Aurora and Arturo would think he was alone if they looked into the yard. Eventually, he

convinced Doe to climb inside his sleeping bag with him. At first, they would lie together

as Torres smoked his pipe and blew methamphetamine smoke into Doe’s mouth from

about an inch away, a practice called “shotgunning.” Eventually, Torres convinced Doe

to lie in the sleeping bag facing him in a hugging position. Doe said she felt

uncomfortable because she was so physically close to Torres and didn’t like hugging him.

Several times she refused, and appellant would get frustrated and withdraw, or as Doe

described it, “throw a little silent fit.” Once, Torres put his hand on Doe’s buttocks. Doe

said it felt “weird” and uncomfortable and that she did not know how to react.

Early on, Doe told Torres she liked girls and was not interested in men. She told

him, “I’m lesbian” and mentioned she had a girlfriend, although she confided she had not

4 yet had a sexual relationship with anyone. Torres urged Doe to “giv[e] being straight a

chance,” told her she may want children, and tried to convince her to wear more feminine

clothing. Doe insisted her sexual orientation was fixed and told Torres “I don’t like

[men’s] penises,” and insisted “I hate how they look. They look like aliens. They just

disgust[] me. I wouldn’t want to have that inside me.” Doe testified she twice told Torres

she would never want a penis inside her. He told her she didn’t know what she wanted.

Despite these protests, Torres continued introducing sexual topics and touching

into their relationship. He would joke with Doe about sex and show her pornography of

“mature women” on his tablet or his phone. Doe approximated that five out of seven

nights a week they would get into the sleeping bag at around 11:00 p.m., smoke drugs,

and Torres would touch her buttocks. This pattern continued for about five to six weeks.

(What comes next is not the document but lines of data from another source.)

lemma sum_hub_edges_ge_each:
  assumes S: "subgraph S H" "connected_graph S" "terminals \<subseteq> verts S"
    and typed: "\<And>e. e \<in> edges S \<Longrightarrow> internal e \<or> (\<exists>h. \<exists>i<k. joins h i e)"
    and "i < k"
  shows "real k - 1 \<le> sum len (hub_edges S i)"
  using hub_edges_nonempty[OF S typed \<open>i < k\<close>] len_hub_edge[OF S(1) \<open>i < k\<close>]
    len_le_sum_hub_edges[OF S(1)]
  by (meson ex_in_conv order_trans)

lemma hub_with_both_edges:
  assumes S: "subgraph S H" "connected_graph S" "terminals \<subseteq> verts S"
    and typed: "\<And>e. e \<in> edges S \<Longrightarrow> internal e \<or> (\<exists>h. \<exists>i<k. joins h i e)"
    and i0: "i0 < k" "\<forall>e\<in>edges S. \<not> joins False i0 e"
  obtains i e e' where "i < k" "e \<in> edges S" "joins True i e" "e' \<in> edges S" "joins False i e'"
proof -
  txt \<open>The second hub and the spokes without an edge to the first hub contain zeta i0 but not
    alpha, so some edge of S leaves them from the second hub towards one of the other spokes.\<close>
  define J where "J = {i. i < k \<and> (\<forall>e\<in>edges S. \<not> joins False i e)}"
  define W where "W = insert (Inl True) (Inr ` J)"
  have W: "W \<subseteq> K2_verts k" unfolding W_def J_def by auto
  have "\<exists>e\<in>edges S. \<exists>h. \<exists>i<k. joins h i e \<and> (Inl h \<in> W \<longleftrightarrow> Inr i \<notin> W)"
  proof (rule crossing_joins_edge[OF S(1,2) typed W])
    show "zeta i0 \<in> verts S" "alpha \<in> verts S" using S(3) i0(1) unfolding terminals_def by auto
    show "zeta i0 \<in> \<Union>(B ` W)" using zeta_in i0 unfolding W_def J_def by blast
    show "alpha \<notin> \<Union>(B ` W)" using mem_branch_Union_iff[OF W _ alpha_in] unfolding W_def by auto
  qed
  then obtain e h i where e: "e \<in> edges S" "i < k" "joins h i e" "Inl h \<in> W \<longleftrightarrow> Inr i \<notin> W"
    by blast
  have "h = True" using e unfolding W_def J_def by auto
  moreover have "i \<notin> J" using e(4) calculation unfolding W_def by auto
  ultimately show thesis using that e(1-3) unfolding J_def by blast
qed

lemma sum_hub_edges_ge:
  assumes S: "subgraph S H" "connected_graph S" "terminals \<subseteq> verts S"
    and typed: "\<And>e. e \<in> edges S \<Longrightarrow> internal e \<or> (\<exists>h. \<exists>i<k. joins h i e)"
  shows "real k ^ 2 \<le> (\<Sum>i<k. sum len (hub_edges S i))"
proof -
  have len_False: "len e = real k" if "e \<in> edges S" "joins False i e" "i < k" for e i
    using that S(1) len_joins unfolding subgraph_def hub_len_def by auto
  show ?thesis
  proof (cases "\<forall>i<k. \<exists>e\<in>edges S. joins False i e")
    case True
    then have "real k \<le> sum len (hub_edges S i)" if "i < k" for i
      using that len_False len_le_sum_hub_edges[OF S(1)] unfolding hub_edges_def by fastforce
    then have "(\<Sum>i<k. real k) \<le> (\<Sum>i<k. sum len (hub_edges S i))" by (intro sum_mono) simp
    then show ?thesis by (simp add: power2_eq_square)
  next
    case False
    then obtain i e e' where i: "i < k" "e \<in> edges S" "joins True i e" "e' \<in> edges S" "joins False i e'"
      using hub_with_both_edges[OF S typed] by blast
    then have "e \<noteq> e'" using joins_unique by blast
    then have "len e + len e' = sum len {e, e'}" by simp
    also have "\<dots> \<le> sum len (hub_edges S i)"
      using i S(1) by (intro sum_len_mono) (auto simp: hub_edges_def subgraph_def is_graph_def)
    finally have "len e + len e' \<le> sum len (hub_edges S i)" .
    moreover have "len e = real k - 1" "len e' = real k"
      using i S(1) len_joins len_False unfolding subgraph_def hub_len_def by auto
    moreover have "(\<Sum>j\<in>{..<k} - {i}. real k - 1) \<le> (\<Sum>j\<in>{..<k} - {i}. sum len (hub_edges S j))"
      using sum_hub_edges_ge_each[OF S typed] by (intro sum_mono) simp
    moreover have "(\<Sum>j<k. sum len (hub_edges S j)) =
        sum len (hub_edges S i) + (\<Sum>j\<in>{..<k} - {i}. sum len (hub_edges S j))"
      using i(1) by (intro sum.remove) auto
    ultimately have "2 * real k - 1 + real (k - 1) * (real k - 1) \<le> (\<Sum>j<k. sum len (hub_edges S j))"
      using i(1) by (simp add: card_Diff_singleton)
    moreover have "2 * real k - 1 + real (k - 1) * (real k - 1) = real k ^ 2"
      using i(1) by (simp add: power2_eq_square algebra_simps)
    ultimately show ?thesis by simp
  qed
qed

lemma terminals_cost_ge:
  assumes S: "subgraph S H" "connected_graph S" "terminals \<subseteq> verts S"
  shows "real k ^ 2 \<le> sum len (edges S)"
proof (cases "\<forall>e\<in>edges S. internal e \<or> (\<exists>h. \<exists>i<k. joins h i e)")
  case True
  then show ?thesis using sum_hub_edges_ge[OF S] sum_hub_edges_le[OF S(1)] by auto
next
  case False
  then obtain e where e: "e \<in> edges S" "\<not> internal e" "\<And>h i. i < k \<Longrightarrow> \<not> joins h i e" by blast
  have fin: "finite (edges S)" using S(1) unfolding subgraph_def is_graph_def by auto
  have "real k ^ 2 = len e" using e S(1) len_other unfolding subgraph_def by auto
  also have "\<dots> \<le> sum len (edges S)" using e(1) fin len_pos by (intro member_le_sum) (auto intro: less_imp_le)
  finally show ?thesis .
qed

definition apex_star :: mgraph where
  "apex_star = subgraph_on apex_graph (insert apex terminals) ((+) offset ` terminals)"

lemma sd_terminals_apex_graph: "sd apex_graph len terminals \<le> ereal (real (k + 1) * apex_len)"
proof -
  have sub: "subgraph apex_star apex_graph"
    unfolding apex_star_def using terminals_subset
    by (intro subgraph_subgraph_on is_graph_apex_graph) (auto simp: apex_graph_simps)
  moreover have conn: "connected_graph apex_star"
    unfolding connected_graph_def
  proof (rule connected_in_if_reachable_from)
    fix v assume "v \<in> verts apex_star"
    then have "v = apex \<or> step_in apex_star (verts apex_star) apex v"
      unfolding apex_star_def step_in_def by (auto simp: apex_graph_simps)
    then show "(step_in apex_star (verts apex_star))\<^sup>*\<^sup>* apex v" by auto
  qed
  moreover have "sum len (edges apex_star) = real (k + 1) * apex_len"
    unfolding apex_star_def using card_terminals len_apex by (simp add: sum.reindex)
  ultimately show ?thesis
    using sd_le_length[OF sub conn, of terminals len] unfolding apex_star_def by (simp add: subset_insertI)
qed

lemma not_fully_geodesic: "\<not> fully_geodesic H apex_graph len"
proof
  assume "fully_geodesic H apex_graph len"
  then have "sd H len terminals = sd apex_graph len terminals"
    using terminals_subset card_terminals unfolding fully_geodesic_def k_geodesic_def by (metis order_refl)
  moreover have "ereal (real k ^ 2) \<le> sd H len terminals"
    by (rule length_le_sd) (use terminals_cost_ge in blast)
  moreover have "real (k + 1) * apex_len = real k ^ 2 - 1 / 2"
    unfolding apex_len_def delta_def by (simp add: field_simps power2_eq_square)
  ultimately have "ereal (real k ^ 2) \<le> ereal (real k ^ 2 - 1 / 2)"
    using sd_terminals_apex_graph by (metis order_trans)
  then show False by simp
qed

lemma not_in_class_H: "H \<notin> class_H k"
  unfolding class_H_def
  using subgraph_apex_graph length_fun_len k_geodesic_apex_graph not_fully_geodesic by blast

end

theorem class_H_no_K2n_minor:
  assumes "2 \<le> k" "G \<in> class_H k"
  shows "\<not> has_K2n_minor G k"
proof
  assume "has_K2n_minor G k"
  then obtain B where "K2n_model G k B"
    using assms unfolding has_K2n_minor_def has_minor_def K2n_model_def class_H_def
    by (elim exE conjE CollectE) (metis ballI)
  then interpret K2n_model G k B .
  show False using not_in_class_H assms(2) by blast
qed

theorem corollary6p8:
  fixes k :: nat and G :: mgraph
  assumes "k \<ge> 2" and "G \<in> class_H k"
  shows "\<not> has_K2n_minor G (k + 2)"
  using class_H_no_K2n_minor[OF assms] has_minor_subset[OF K2_verts_mono[of k "k + 2"]]
  unfolding has_K2n_minor_def by auto

end
(* Let $H$ be a string, $s\ge0$ an integer, and $j\in\mathsf{R}_{s,H}$. For any $j'\in[1\mathinner{.\,.}n]$, $\mathrm{LCE}(j,j')\ge3\tau-1$ holds if and only if $j'\in\mathsf{R}_{s,H}$. Moreover, if $j'\in\mathsf{R}_{s,H}$ then, letting $t=\mathrm{end}(j)-j$ and $t'=\mathrm{end}(j')-j'$, it holds $\mathrm{LCE}(j,j')\ge\min(t,t')$ and: (1) if $\mathrm{type}(j)\ne\mathrm{type}(j')$, then $T[j\mathinner{.\,.}n]\prec T[j'\mathinner{.\,.}n]$ iff $\mathrm{type}(j)<\mathrm{type}(j')$; (2) if $\mathrm{type}(j)=\mathrm{type}(j')=-1$ and $t\ne t'$, then $T[j\mathinner{.\,.}n]\prec T[j'\mathinner{.\,.}n]$ iff $t<t'$; (3) if $\mathrm{type}(j)=\mathrm{type}(j')=+1$ and $t\ne t'$, then $T[j\mathinner{.\,.}n]\prec T[j'\mathinner{.\,.}n]$ iff $t>t'$; (4) if $\mathrm{type}(j)\ne\mathrm{type}(j')$ or $t\ne t'$, then $\mathrm{LCE}(j,j')=\min(t,t')$.
   Context: $T\in[0\mathinner{.\,.}\sigma)^n$ with $2\le\sigma<n^{1/7}$; $\tau=\lfloor\mu\log_\sigma n\rfloor$ for a fixed positive constant $\mu<1/6$ with $\tau\ge1$. $\prec$ is lexicographic order. $\mathrm{per}(S)$ is the shortest period of $S$. $\mathsf{R}=\{i\in[1\mathinner{.\,.}n-3\tau+2]:\mathrm{per}(T[i\mathinner{.\,.}i+3\tau-2])\le\tau/3\}$. $\mathrm{LCE}(i,i')$ is the length of the longest common prefix of $T[i\mathinner{.\,.}n]$ and $T[i'\mathinner{.\,.}n]$. For $j\in\mathsf{R}$: $\mathrm{end}(j)=\min\{j'\ge j:j'\notin\mathsf{R}\}+3\tau-2$; with $p=\mathrm{per}(T[j\mathinner{.\,.}j+3\tau-1))$, $\mathrm{Lroot}(j)=\min\{T[j+t\mathinner{.\,.}j+t+p):t\in[0\mathinner{.\,.}p)\}$ (lexicographic minimum). With $H=\mathrm{Lroot}(j)$, $T[j\mathinner{.\,.}\mathrm{end}(j))$ can be uniquely written as $H'H^kH''$ with $H'$ a proper suffix and $H''$ a proper prefix of $H$ (the L-decomposition); $\mathrm{Lhead}(j)=|H'|$. $\mathrm{type}(j)=+1$ if $\mathrm{end}(j)\le n$ and $T[\mathrm{end}(j)]\succ T[\mathrm{end}(j)-|H|]$, and $\mathrm{type}(j)=-1$ otherwise. $\mathsf{R}_{s,H}=\{j\in\mathsf{R}:\mathrm{Lroot}(j)=H,\ \mathrm{Lhead}(j)=s\}$. *)

theory Defs
  imports Complex_Main "HOL-Library.Sublist" "HOL-Library.List_Lexorder"
begin
(* Assume (A1), (A2), and that $\{\gamma_n\}_{n\ge1}$ is a deterministic $[0,1)$-valued non-increasing sequence with $\lim\gamma_n=0$ and $\sum_n\gamma_n^2<\infty$. Then for the linearized Wang–Landau algorithm, almost surely, for all $n\ge0$, $$\|\pi_{\theta_n}d\lambda-\pi_{\theta_{n+1}}d\lambda\|_{TV}\le 2d(d-1)\gamma_{n+1},$$ and for every $N\ge0$ and all $n\ge N$, $$\sup_{x\in\mathsf X}\|P_{\theta_n}(x,\cdot)-P_{\theta_{n+1}}(x,\cdot)\|_{TV}\le 4\Big(1+\frac{1}{1-\sup_{j\ge N}\gamma_{j+1}}\Big)\gamma_{n+1}.$$
   Context: Setting: $(\mathsf X,\mathcal X)$ Polish space with Borel $\sigma$-algebra and $\sigma$-finite reference measure $\lambda$; $\pi$ a probability density w.r.t. $\lambda$; $d\ge2$; $\mathsf X_1,\dots,\mathsf X_d$ a measurable partition of $\mathsf X$; $I(x)=i$ iff $x\in\mathsf X_i$; $\theta_\star(i)=\int_{\mathsf X_i}\pi\,d\lambda$; $\Theta=\{\theta\in(0,1)^d:\sum_i\theta(i)=1\}$; $\pi_\theta(x)=\big(\sum_{i}\theta_\star(i)/\theta(i)\big)^{-1}\sum_{i}\frac{\pi(x)}{\theta(i)}\mathbf 1_{\mathsf X_i}(x)$. $\|\mu\|_{TV}=\sup\{|\mu(f)|:\sup|f|\le1\}$. (A1): $0<\inf\pi\le\sup\pi<\infty$ and $\min_i\theta_\star(i)>0$. (A2): $P_\theta$ is the Metropolis–Hastings kernel with target $\pi_\theta\,d\lambda$, symmetric proposal density $q$ w.r.t. $\lambda$ with $\inf_{\mathsf X^2}q>0$, acceptance $1\wedge\pi_\theta(y)/\pi_\theta(x)$. Linearized Wang–Landau algorithm: $X_0\in\mathsf X$, $\theta_0\in\Theta$; $X_{n+1}\sim P_{\theta_n}(X_n,\cdot)$ conditionally on $\mathcal F_n=\sigma(\theta_0,X_0,\dots,X_n)$; $\theta_{n+1}=\theta_n+\gamma_{n+1}H(X_{n+1},\theta_n)$ with $H_i(x,\theta)=\theta(i)(\mathbf 1_{\mathsf X_i}(x)-\theta(I(x)))$. *)

theory Defs
  imports "HOL-Probability.Probability"
begin

text \<open>Partition cells are indexed by 0..d-1; parameters theta are functions nat => real,
  only the values at i < d matter.\<close>

definition cell_index :: "nat \<Rightarrow> (nat \<Rightarrow> 'a set) \<Rightarrow> 'a \<Rightarrow> nat" where
  "cell_index d Xs x = (THE i. i < d \<and> x \<in> Xs i)"

definition Theta :: "nat \<Rightarrow> (nat \<Rightarrow> real) set" where
  "Theta d = {\<theta>. (\<forall>i<d. 0 < \<theta> i \<and> \<theta> i < 1) \<and> (\<Sum>i<d. \<theta> i) = 1}"

definition theta_star :: "'a measure \<Rightarrow> ('a \<Rightarrow> real) \<Rightarrow> (nat \<Rightarrow> 'a set) \<Rightarrow> nat \<Rightarrow> real" where
  "theta_star lam \<pi> Xs i = (\<integral>x\<in>Xs i. \<pi> x \<partial>lam)"

definition pi_theta :: "nat \<Rightarrow> 'a measure \<Rightarrow> ('a \<Rightarrow> real) \<Rightarrow> (nat \<Rightarrow> 'a set)
    \<Rightarrow> (nat \<Rightarrow> real) \<Rightarrow> 'a \<Rightarrow> real" where
  "pi_theta d lam \<pi> Xs \<theta> x =
     inverse (\<Sum>i<d. theta_star lam \<pi> Xs i / \<theta> i) * (\<Sum>i<d. \<pi> x / \<theta> i * indicator (Xs i) x)"

definition mh_acc :: "nat \<Rightarrow> 'a measure \<Rightarrow> ('a \<Rightarrow> real) \<Rightarrow> (nat \<Rightarrow> 'a set)
    \<Rightarrow> (nat \<Rightarrow> real) \<Rightarrow> 'a \<Rightarrow> 'a \<Rightarrow> real" where
  "mh_acc d lam \<pi> Xs \<theta> x y = min 1 (pi_theta d lam \<pi> Xs \<theta> y / pi_theta d lam \<pi> Xs \<theta> x)"

text \<open>In particular P_theta(x,A) = mh_op ... (indicator A) x.\<close>
definition mh_op :: "nat \<Rightarrow> 'a measure \<Rightarrow> ('a \<Rightarrow> real) \<Rightarrow> (nat \<Rightarrow> 'a set) \<Rightarrow> ('a \<Rightarrow> 'a \<Rightarrow> real)
    \<Rightarrow> (nat \<Rightarrow> real) \<Rightarrow> ('a \<Rightarrow> real) \<Rightarrow> 'a \<Rightarrow> real" where
  "mh_op d lam \<pi> Xs q \<theta> f x =
     (\<integral>y. f y * q x y * mh_acc d lam \<pi> Xs \<theta> x y \<partial>lam)
     + f x * (1 - (\<integral>y. q x y * mh_acc d lam \<pi> Xs \<theta> x y \<partial>lam))"

definition tv_dist :: "'a measure \<Rightarrow> 'a measure \<Rightarrow> real" where
  "tv_dist \<mu> \<nu> = (SUP f \<in> {f \<in> borel_measurable \<mu>. \<forall>x. \<bar>f x\<bar> \<le> 1}.
                     \<bar>(\<integral>x. f x \<partial>\<mu>) - (\<integral>x. f x \<partial>\<nu>)\<bar>)"

definition tv_kernel :: "'a measure \<Rightarrow> (('a \<Rightarrow> real) \<Rightarrow> 'a \<Rightarrow> real) \<Rightarrow> (('a \<Rightarrow> real) \<Rightarrow> 'a \<Rightarrow> real)
    \<Rightarrow> 'a \<Rightarrow> real" where
  "tv_kernel lam P Q x = (SUP f \<in> {f \<in> borel_measurable lam. \<forall>y. \<bar>f y\<bar> \<le> 1}.
                     \<bar>P f x - Q f x\<bar>)"

definition H_wl :: "nat \<Rightarrow> (nat \<Rightarrow> 'a set) \<Rightarrow> nat \<Rightarrow> 'a \<Rightarrow> (nat \<Rightarrow> real) \<Rightarrow> real" where
  "H_wl d Xs i x \<theta> = \<theta> i * (indicator (Xs i) x - \<theta> (cell_index d Xs x))"

definition wl_filtration :: "'w measure \<Rightarrow> nat \<Rightarrow> (nat \<Rightarrow> 'w \<Rightarrow> 'a::topological_space)
    \<Rightarrow> ('w \<Rightarrow> nat \<Rightarrow> real) \<Rightarrow> nat \<Rightarrow> 'w measure" where
  "wl_filtration M d X \<theta>0 n = sigma (space M)
     ({X k -` A \<inter> space M | k A. k \<le> n \<and> A \<in> sets borel}
      \<union> {(\<lambda>\<omega>. \<theta>0 \<omega> i) -` B \<inter> space M | i B. i < d \<and> B \<in> sets (borel :: real measure)})"

end

theory Submission
  imports Defs
begin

Eventually, Torres began trying to touch her vaginal area too. Doe said, “I felt

disgusted because it was my dad. I didn’t want it, and it didn’t feel right.” Torres would

ask Doe if he could touch her, and she would respond, “No, I don’t want to do it.” He

would then ask why not and keep “begging and begging.” Sometimes he would pressure

her to let him touch her “just real quick.” Doe said she felt annoyance and pressure and

would eventually relent, and Torres would “do what he wanted to do” while she laid

there. This went on for about three weeks. Doe said she did not know who to talk to, and

questioned whether her friends would help her if she told them.